Table of Contents
David Seymour
ACT Leader
The ACT Party has today released the first of three Discussion Documents as part of our Honest Conversations series.
Labour was elected to fix housing because National failed. Now they have failed as well, but that’s politics. The real problem is not just that young New Zealanders cannot afford homes, the whole Kiwi dream no longer works.
Our Honest Conversations documents take the opportunity to propose positive solutions for New Zealand. ACT believes opposition is not just about opposing the Government but proposing a better way forward.
Being a property-owning democracy was an essential part of the New Zealand story. People have come here for generations so that they could become property owners. Now, we’re in danger of becoming a neo-feudal society with a property-owning class on the one hand, and the house-nots on the other.
It’s the ACT party’s role to say when things aren’t right, to have honest conversations. We said in 2016 that National’s bright-line test would not work. We were right about that and we’re being proven right about Labour’s interest deductibility changes now, too, as house prices rise.
Now ACT is putting forward a package that would solve the underlying problem in housing. The shortage of urban land. We need new ways to fund and build infrastructure, new coordination between central and local government, new rules for consenting land, and new ways of accessing building materials.
This is the scale of response necessary for the scale of the problem. New Zealanders have been let down by enough gimmicks, like KiwiBuild that built 1,000 houses in three years. We need deep, structural reform that will transform the supply of housing for all New Zealand.
That’s why today we’re proposing a GST-sharing scheme, we’d remove barriers to finance for build-to-rent schemes and we’d introduce a Public-Private Partnership Agency – the Nation-Building Agency (NBA).
Every Government says it’ll fix housing. None have, but this Government is the worst. Faced with one of the biggest crises in a generation, the Government’s proposed changes to the RMA risk creating a regulatory nightmare rather than being a silver bullet for development. The proposal focuses on central planning and its first priority is to honour the Treaty. That won’t get things built.
The Government should be asking ‘how do we create an environment for investment and development?’ Instead, this Government has targeted Mum and Dad landlords and investors with new housing taxes. By failing to ask the right question, it has failed to deliver on the very thing New Zealand needs it to – meaningful change so New Zealanders can build more homes.

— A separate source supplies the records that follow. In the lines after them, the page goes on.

lemma grad_1_nonneg:
  assumes "0 < tstar m xs 1"
  shows "0 \<le> grad 1"
proof -
  have "tstar m xs 1 * N_opt ^ 2 \<le> tbar m xs 1 * D_opt ^ 2"
    using tstar_le_tbar[of 1] tstar1_nonneg N_opt_pos N_opt_le_D_opt
    by (intro mult_mono power_mono) auto
  also have "\<dots> < (M_opt - \<sigma> / \<gamma>) ^ 2 * (y + \<sigma> / \<gamma>)"
    using C2_1 by (simp add: D_opt_def M_opt_def algebra_simps)
  also have "\<dots> \<le> M_opt ^ 2 * D_opt"
    using M_opt_gt_ratio ratio_nonneg ustar_nonneg y_pos
    by (intro mult_mono power_mono) (auto simp: D_opt_def)
  finally have "tstar m xs 1 * N_opt ^ 2 < M_opt ^ 2 * D_opt" .
  moreover have "0 < tstar m xs 1 * N_opt ^ 2"
    using assms N_opt_pos by simp
  ultimately have "ln (tstar m xs 1 * N_opt ^ 2) < ln (M_opt ^ 2 * D_opt)"
    by (metis ln_less_cancel_iff order.strict_trans)
  then show ?thesis
    using assms N_opt_pos M_opt_gt_ratio ratio_nonneg D_pos
    by (simp add: grad_def t_opt_def ln_mult ln_realpow)
qed

lemma grad_ge:
  assumes "0 < tstar m xs 1" "2 \<le> l" "l \<le> m" "0 < tbar m xs l"
  shows "real (l + 1) * grad 1 \<le> 2 * grad l"
proof -
  have "2 * ln N_opt - ln D_opt \<le> ln D_opt"
    using N_opt_pos N_opt_le_D_opt by simp
  then have "real (l - 1) * (2 * ln N_opt - ln D_opt) \<le> real (l - 1) * ln D_opt"
    by (intro mult_left_mono) auto
  moreover have "2 * ln (tbar m xs l) + real (l - 1) * ln D_opt \<le> real (l + 1) * ln (tstar m xs 1)"
    using ln_tbar_le_ln_tstar1 assms by simp
  moreover have "2 * grad l - real (l + 1) * grad 1
      = real (l + 1) * ln (tstar m xs 1) - 2 * ln (tbar m xs l) - real (l - 1) * (2 * ln N_opt - ln D_opt)"
    using assms by (simp add: grad_def t_opt_def of_nat_diff algebra_simps)
  ultimately show ?thesis
    by linarith
qed
(* Let $S$ be a finite $p$-group and $\mathcal{A}$ a divisible $S$-algebra with an $(S,S)$-invariant $\mathcal{O}$-basis $Y\subseteq\mathcal{A}^\times$. Then $Y$ is $\mathfrak{F}_S(\mathcal{A})$-stable: for every $P\le S$ and every $\varphi\in\mathrm{Hom}_{\mathfrak{F}_S(\mathcal{A})}(P,S)$, ${}^\varphi_PY_S\cong{}_PY_S$ as $(P,S)$-bisets.
   Context: $\mathcal{O}$ is a complete local noetherian domain with maximal ideal $\mathfrak{m}$ and algebraically closed residue field of characteristic $p$. An interior $S$-algebra is an $\mathcal{O}$-free finite-rank $\mathcal{O}$-algebra $\mathcal{A}$ with a group homomorphism $S\to\mathcal{A}^\times$; $S\times S$ acts by $(s,t)a=sat^{-1}$. It is bifree if it has an $\mathcal{O}$-basis $Y$ with $sY=Y=Ys$ for $s\in S$ ($(S,S)$-invariant basis) on which left and right actions are free. For $U\le S\times S$, $\mathcal{A}(U)=\mathcal{A}^U/(\mathfrak{m}\mathcal{A}^U+\sum_{V<U}\mathrm{tr}_V^U\mathcal{A}^V)$; for injective $\varphi:P\to S$, $\mathcal{A}(\varphi)=\mathcal{A}(\Delta(\varphi,P))$, $\Delta(\varphi,P)=\{(\varphi(p),p)\}$. $\mathfrak{F}_S(\mathcal{A})$ has objects the subgroups of $S$ and $\mathrm{Hom}(P,Q)=\{\varphi:P\to Q$ injective$:\mathcal{A}(\varphi)\ne0\}$. A bifree $S$-algebra is divisible if $\mathfrak{F}_S(\mathcal{A})$ contains all inclusions, is closed under composition, and every morphism is an inclusion composed with a group isomorphism onto its image that is an isomorphism in $\mathfrak{F}_S(\mathcal{A})$. ${}_PY_S$ is $Y$ with left action restricted to $P$; ${}^\varphi_PY_S$ is $Y$ with action $p\odot y\odot s=\varphi(p)ys$. *)

theory Defs
  imports "HOL-Algebra.Coset" "HOL-Computational_Algebra.Primes"
begin
lemma kobayashi_less_hahn:
  assumes cov1: "covering_space (ball 0 1) p1 D1" and hp1: "p1 holomorphic_on ball 0 1"
    and cov2: "covering_space (ball 0 1) p2 D2" and hp2: "p2 holomorphic_on ball 0 1"
    and D: "open D1" "open D2" and T1: "mat_det T1 > 0" and T2: "mat_det T2 > 0"
    and q1: "q1 = (\<lambda>z. p1 (moeb T1 z))" and q2: "q2 = (\<lambda>z. p2 (moeb T2 z))"
    and b: "cmod b < 1" "b \<noteq> 0" and dp: "q1 b = q1 0" "q2 b = q2 0"
    and dq: "deriv q1 0 \<noteq> 0" "deriv q2 0 \<noteq> 0"
    and tr: "deriv q1 0 * deriv q2 b \<noteq> deriv q1 b * deriv q2 0"
  shows "kobayashi (D1 \<times> D2) (q1 0, q2 0) (deriv q1 0, deriv q2 0)
    < hahn (D1 \<times> D2) (q1 0, q2 0) (deriv q1 0, deriv q2 0)"
proof -
  have qD: "q1 z \<in> D1" "q2 z \<in> D2" if "cmod z < 1" for z
    using covering_space_imp_surjective[OF cov1] covering_space_imp_surjective[OF cov2]
      moeb_in_disc[OF T1 that] moeb_in_disc[OF T2 that] by (auto simp: q1 q2)
  have hq: "q1 holomorphic_on ball 0 1" "q2 holomorphic_on ball 0 1"
    unfolding q1 q2 using holomorphic_on_compose_disc[OF _ holomorphic_on_moeb moeb_in_disc] T1 T2 hp1 hp2
    by blast+
  then have "hol_disc_map (D1 \<times> D2) (\<lambda>z. (q1 z, q2 z))"
    using qD by (auto simp: hol_disc_map_def unit_disc_def)
  then have K: "kobayashi (D1 \<times> D2) (q1 0, q2 0) (deriv q1 0, deriv q2 0) \<le> 1"
    using kobayashi_le_1 by (force simp: deriv0_def)
  show ?thesis
  proof (rule double_point_persists[OF hq b dp tr])
    fix \<theta> :: real
    assume \<theta>: "0 < \<theta>" "\<theta> < 1"
      and NI: "\<And>g1 g2. g1 holomorphic_on ball 0 1 \<Longrightarrow> (\<And>z. cmod z < 1 \<Longrightarrow> cmod (g1 z) < 1) \<Longrightarrow> g1 0 = 0 \<Longrightarrow>
        g2 holomorphic_on ball 0 1 \<Longrightarrow> (\<And>z. cmod z < 1 \<Longrightarrow> cmod (g2 z) < 1) \<Longrightarrow> g2 0 = 0 \<Longrightarrow>
        deriv g1 0 = deriv g2 0 \<Longrightarrow> 1 - \<theta> < cmod (deriv g1 0) \<Longrightarrow>
        \<not> inj_on (\<lambda>z. (q1 (g1 z), q2 (g2 z))) (ball 0 1)"
    have "1 < 1 / (1 - \<theta>)"
      using \<theta> by (simp add: field_simps)
    also have "1 / (1 - \<theta>) \<le> hahn (D1 \<times> D2) (q1 0, q2 0) (deriv q1 0, deriv q2 0)"
    proof (rule hahn_ge[OF injective_affine_disc])
      show "open (D1 \<times> D2)"
        using D by (rule open_Times)
      show "(q1 0, q2 0) \<in> D1 \<times> D2"
        using qD[of 0] by simp
      show "(deriv q1 0, deriv q2 0) \<noteq> 0"
        using dq by (simp add: zero_prod_def)
    qed (rule injective_disc_scale_bound[OF cov1 hp1 cov2 hp2 T1 T2 q1 q2 dq \<theta>(2) NI])
    finally show ?thesis
      using K by linarith
  qed
qed
lemma geom_eq_Union_closed_simplex:
  assumes "simplicial_complex K"
  shows "geom K = (\<Union>s\<in>K. closed_simplex s)"
proof (intro equalityI subsetI)
  fix x assume x: "x \<in> geom K"
  then have "{v. x v \<noteq> 0} \<in> K" "x \<in> closed_simplex {v. x v \<noteq> 0}"
    by (auto simp: geom_def closed_simplex_def)
  then show "x \<in> (\<Union>s\<in>K. closed_simplex s)" by blast
next
  fix x assume "x \<in> (\<Union>s\<in>K. closed_simplex s)"
  then obtain s where s: "s \<in> K" "x \<in> closed_simplex s" by blast
  have fin: "finite s" using assms s(1) by (simp add: simplicial_complex_def)
  have supp: "{v. x v \<noteq> 0} \<subseteq> s" using s(2) by (auto simp: closed_simplex_def)
  have sum: "sum x {v. x v \<noteq> 0} = 1"
    using sum_eq_sum_support[OF fin supp] s(2) by (simp add: closed_simplex_def)
  then have "{v. x v \<noteq> 0} \<noteq> {}" by (metis sum.empty zero_neq_one)
  then have "{v. x v \<noteq> 0} \<in> K" using simplicial_complex_closed[OF assms s(1) supp] by blast
  then show "x \<in> geom K" using s(2) sum by (simp add: geom_def closed_simplex_def)
qed

lemma closed_simplex_subset_geom:
  "simplicial_complex K \<Longrightarrow> s \<in> K \<Longrightarrow> closed_simplex s \<subseteq> geom K"
  by (auto simp: geom_eq_Union_closed_simplex)
lemma degree_lagrange_interp:
  assumes "finite S" "S \<noteq> {}"
  shows "degree (lagrange_interp S p v) < card S"
proof -
  have "degree (lagrange_interp S p v) \<le> card S - 1"
    unfolding lagrange_interp_def using assms(1)
    by (intro degree_sum_le) (auto intro: le_trans[OF degree_smult_le] degree_lagrange_basis[unfolded One_nat_def])
  moreover have "card S > 0"
    using assms by (simp add: card_gt_0_iff)
  ultimately show ?thesis
    by linarith
qed

lemma lagrange_interp_add:
  "lagrange_interp S p (\<lambda>i. v i + w i) = lagrange_interp S p v + lagrange_interp S p w"
  unfolding lagrange_interp_def by (simp add: smult_add_left sum.distrib)

lemma smult_sum_right: "smult c (\<Sum>i\<in>S. f i) = (\<Sum>i\<in>S. smult c (f i))"
  by (induction S rule: infinite_finite_induct) (simp_all add: smult_add_right)

lemma lagrange_interp_smult:
  "lagrange_interp S p (\<lambda>i. c * v i) = smult c (lagrange_interp S p v)"
  unfolding lagrange_interp_def by (simp add: smult_sum_right)

lemma lagrange_interp_values:
  fixes g :: "'a::field poly"
  assumes "finite S" "inj_on p S" "degree g < card S"
  shows "lagrange_interp S p (\<lambda>i. poly g (p i)) = g"
proof (rule poly_eqI_degree[where A = "p ` S"])
  have card: "card (p ` S) = card S"
    using assms(2) by (rule card_image)
  show "poly (lagrange_interp S p (\<lambda>i. poly g (p i))) x = poly g x" if "x \<in> p ` S" for x
    using that assms by (auto simp: poly_lagrange_interp_node)
  show "degree g < card (p ` S)"
    using card assms(3) by simp
  have "S \<noteq> {}"
    using assms(3) by auto
  then show "degree (lagrange_interp S p (\<lambda>i. poly g (p i))) < card (p ` S)"
    using card degree_lagrange_interp[OF assms(1)] by simp
qed

lemma poly_eq_sum_lagrange_basis:
  fixes g :: "'a::field poly"
  assumes "finite S" "inj_on p S" "degree g < card S"
  shows "poly g z = (\<Sum>i\<in>S. poly (lagrange_basis S p i) z * poly g (p i))"
  by (subst lagrange_interp_values[OF assms, symmetric])
     (simp add: lagrange_interp_def poly_sum mult.commute)

definition mpoly_subst :: "nat \<Rightarrow> nat \<Rightarrow> ((nat \<Rightarrow> nat) \<Rightarrow> 'a::field) \<Rightarrow> (nat \<Rightarrow> 'a poly) \<Rightarrow> 'a poly" where
  "mpoly_subst e l c F = (\<Sum>\<alpha>\<in>mono_exps e l. smult (c \<alpha>) (\<Prod>j<e. F j ^ \<alpha> j))"

lemma poly_mpoly_subst: "poly (mpoly_subst e l c F) z = mpoly_eval e l c (\<lambda>j. poly (F j) z)"
  unfolding mpoly_subst_def mpoly_eval_def by (simp add: poly_sum poly_prod)

lemma degree_monomial_subst:
  assumes "\<And>j. j < e \<Longrightarrow> degree (F j) \<le> d" "\<alpha> \<in> mono_exps e l"
  shows "degree (\<Prod>j<e. F j ^ \<alpha> j) \<le> l * d"
proof -
  have "degree (\<Prod>j<e. F j ^ \<alpha> j) \<le> (\<Sum>j<e. degree (F j ^ \<alpha> j))"
    using degree_prod_sum_le[of "{..<e}" "\<lambda>j. F j ^ \<alpha> j"] by (simp add: comp_def)
  also have "\<dots> \<le> (\<Sum>j<e. d * \<alpha> j)"
    using assms(1) by (intro sum_mono) (simp add: le_trans[OF degree_power_le])
  also have "\<dots> = d * (\<Sum>j<e. \<alpha> j)"
    by (simp add: sum_distrib_left)
  also have "\<dots> \<le> l * d"
    using assms(2) by (simp add: mono_exps_def mult.commute)
  finally show ?thesis .
qed

lemma degree_mpoly_subst:
  assumes "\<And>j. j < e \<Longrightarrow> degree (F j) \<le> d"
  shows "degree (mpoly_subst e l c F) \<le> l * d"
  unfolding mpoly_subst_def
proof (cases "finite (mono_exps e l)")
  case True
  then show "degree (\<Sum>\<alpha>\<in>mono_exps e l. smult (c \<alpha>) (\<Prod>j<e. F j ^ \<alpha> j)) \<le> l * d"
    by (intro degree_sum_le) (auto intro: le_trans[OF degree_smult_le] degree_monomial_subst assms)
qed simp

lemma mpoly_eval_cong:
  "(\<And>j. j < e \<Longrightarrow> x j = y j) \<Longrightarrow> mpoly_eval e l c x = mpoly_eval e l c y"
  unfolding mpoly_eval_def by (intro sum.cong refl arg_cong2[where f = "(*)"] prod.cong) auto

lemma mpoly_eval_interpolation:
  assumes "finite S" "inj_on p S" "\<And>j. j < e \<Longrightarrow> degree (F j) \<le> d" "l * d < card S"
  shows "mpoly_eval e l c (\<lambda>j. poly (F j) z)
           = (\<Sum>i\<in>S. poly (lagrange_basis S p i) z * mpoly_eval e l c (\<lambda>j. poly (F j) (p i)))"
proof -
  have "degree (mpoly_subst e l c F) < card S"
    using degree_mpoly_subst[of e F d l c, OF assms(3)] assms(4) by linarith
  from poly_eq_sum_lagrange_basis[OF assms(1,2) this, of z] show ?thesis
    by (simp add: poly_mpoly_subst)
qed

definition eval_vec :: "nat \<Rightarrow> (nat \<Rightarrow> 'a::field) \<Rightarrow> 'a poly \<Rightarrow> nat \<Rightarrow> 'a" where
  "eval_vec n pt f = (\<lambda>i. if i < n then poly f (pt i) else 0)"

lemma eval_vec_add: "eval_vec n pt (f + g) = vadd (eval_vec n pt f) (eval_vec n pt g)"
  unfolding eval_vec_def vadd_def by auto

lemma eval_vec_smult: "eval_vec n pt (smult c f) = vscale c (eval_vec n pt f)"
  unfolding eval_vec_def vscale_def by auto

lemma eval_vec_0: "eval_vec n pt 0 = (\<lambda>_. 0)"
  unfolding eval_vec_def by auto

lemma eval_vec_in_vecs: "eval_vec n pt f \<in> vecs n"
  unfolding eval_vec_def vecs_def by auto

lemma is_subspace_eval_vec_image:
  assumes "0 \<in> Q" "\<And>f g. f \<in> Q \<Longrightarrow> g \<in> Q \<Longrightarrow> f + g \<in> Q" "\<And>c f. f \<in> Q \<Longrightarrow> smult c f \<in> Q"
  shows "is_subspace n (eval_vec n pt ` Q)"
  unfolding is_subspace_def
proof (intro conjI ballI allI)
  show "eval_vec n pt ` Q \<subseteq> vecs n"
    using eval_vec_in_vecs by blast
  show "(\<lambda>_. 0) \<in> eval_vec n pt ` Q"
    using assms(1) eval_vec_0[of n pt] by force
  show "vadd x y \<in> eval_vec n pt ` Q" if "x \<in> eval_vec n pt ` Q" "y \<in> eval_vec n pt ` Q" for x y
    using that assms(2) by (auto simp flip: eval_vec_add)
  show "vscale c x \<in> eval_vec n pt ` Q" if "x \<in> eval_vec n pt ` Q" for c x
    using that assms(3) by (auto simp flip: eval_vec_smult)
qed
theorem proposition3p5:
  assumes "\<exists>x :: 'a::real_normed_vector. x \<noteq> 0"
  shows "(\<forall>t. 1 < t \<and> t \<le> 2 \<and> t_Hanner TYPE('a) t \<longrightarrow>
            (\<forall>q. 2 \<le> q \<longrightarrow> Kstar_rq TYPE('a) q t = Cstar_rq q t) \<and>
            (\<forall>p. 1 < p \<and> p \<le> t / (t - 1) \<longrightarrow> K_tp TYPE('a) t p = 1))
       \<and> (\<forall>r. 2 \<le> r \<and> r_Hanner TYPE('a) r \<longrightarrow>
            (\<forall>p. 1 < p \<and> p \<le> 2 \<longrightarrow> K_tp TYPE('a) p r = C_tp p r) \<and>
            (\<forall>q. r / (r - 1) \<le> q \<longrightarrow> Kstar_rq TYPE('a) r q = 1))"
proof -
  obtain e :: 'a where e: "e \<noteq> 0" using assms by blast
  have one: "(1::complex) \<noteq> 0" by simp
  show ?thesis
  proof (intro conjI allI impI; elim conjE)
    fix t q :: real
    assume t: "1 < t" "t \<le> 2" and H: "t_Hanner TYPE('a) t" and "2 \<le> q"
    show "Kstar_rq TYPE('a) q t = Cstar_rq q t"
      using Kstar_rq_eq_hanner_Kstar[OF e H] Kstar_rq_eq_hanner_Kstar[OF one inner_t_Hanner] t
      by (simp add: Cstar_rq_def)
  next
    fix t p :: real
    assume "1 < t" "t \<le> 2" "t_Hanner TYPE('a) t" "1 < p" "p \<le> t / (t - 1)"
    then show "K_tp TYPE('a) t p = 1"
      by (intro K_tp_eq_one[OF e] t_Hanner_clarkson) auto
  next
    fix r p :: real
    assume r: "2 \<le> r" and H: "r_Hanner TYPE('a) r" and "1 < p" "p \<le> 2"
    show "K_tp TYPE('a) p r = C_tp p r"
      using K_tp_eq_hanner_K[OF e H] K_tp_eq_hanner_K[OF one inner_r_Hanner] r
      by (simp add: C_tp_def)
  next
    fix r q :: real
    assume r: "2 \<le> r" and H: "r_Hanner TYPE('a) r" and q: "r / (r - 1) \<le> q"
    have "0 < r / (r - 1)" using r by simp
    with q have "0 < q" by linarith
    then show "Kstar_rq TYPE('a) r q = 1"
      using r q by (intro Kstar_rq_eq_one[OF e] r_Hanner_clarkson[OF H]) auto
  qed
qed

end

The fact is we’re simply not building enough. ACT is the only party that offers real solutions to the housing crisis. We’ve listened to New Zealanders.
The scale of the problem is staggering. Last year, house prices rose by 30 per cent. The median house price rose from $620,000 in May 2020 to $820,000 in May 2021.
“It’s already hard for young workers to save a deposit after tax, rent, utilities, and food, but on top of all that, a 20 per cent deposit for a house went up by $40,000 in the past year.”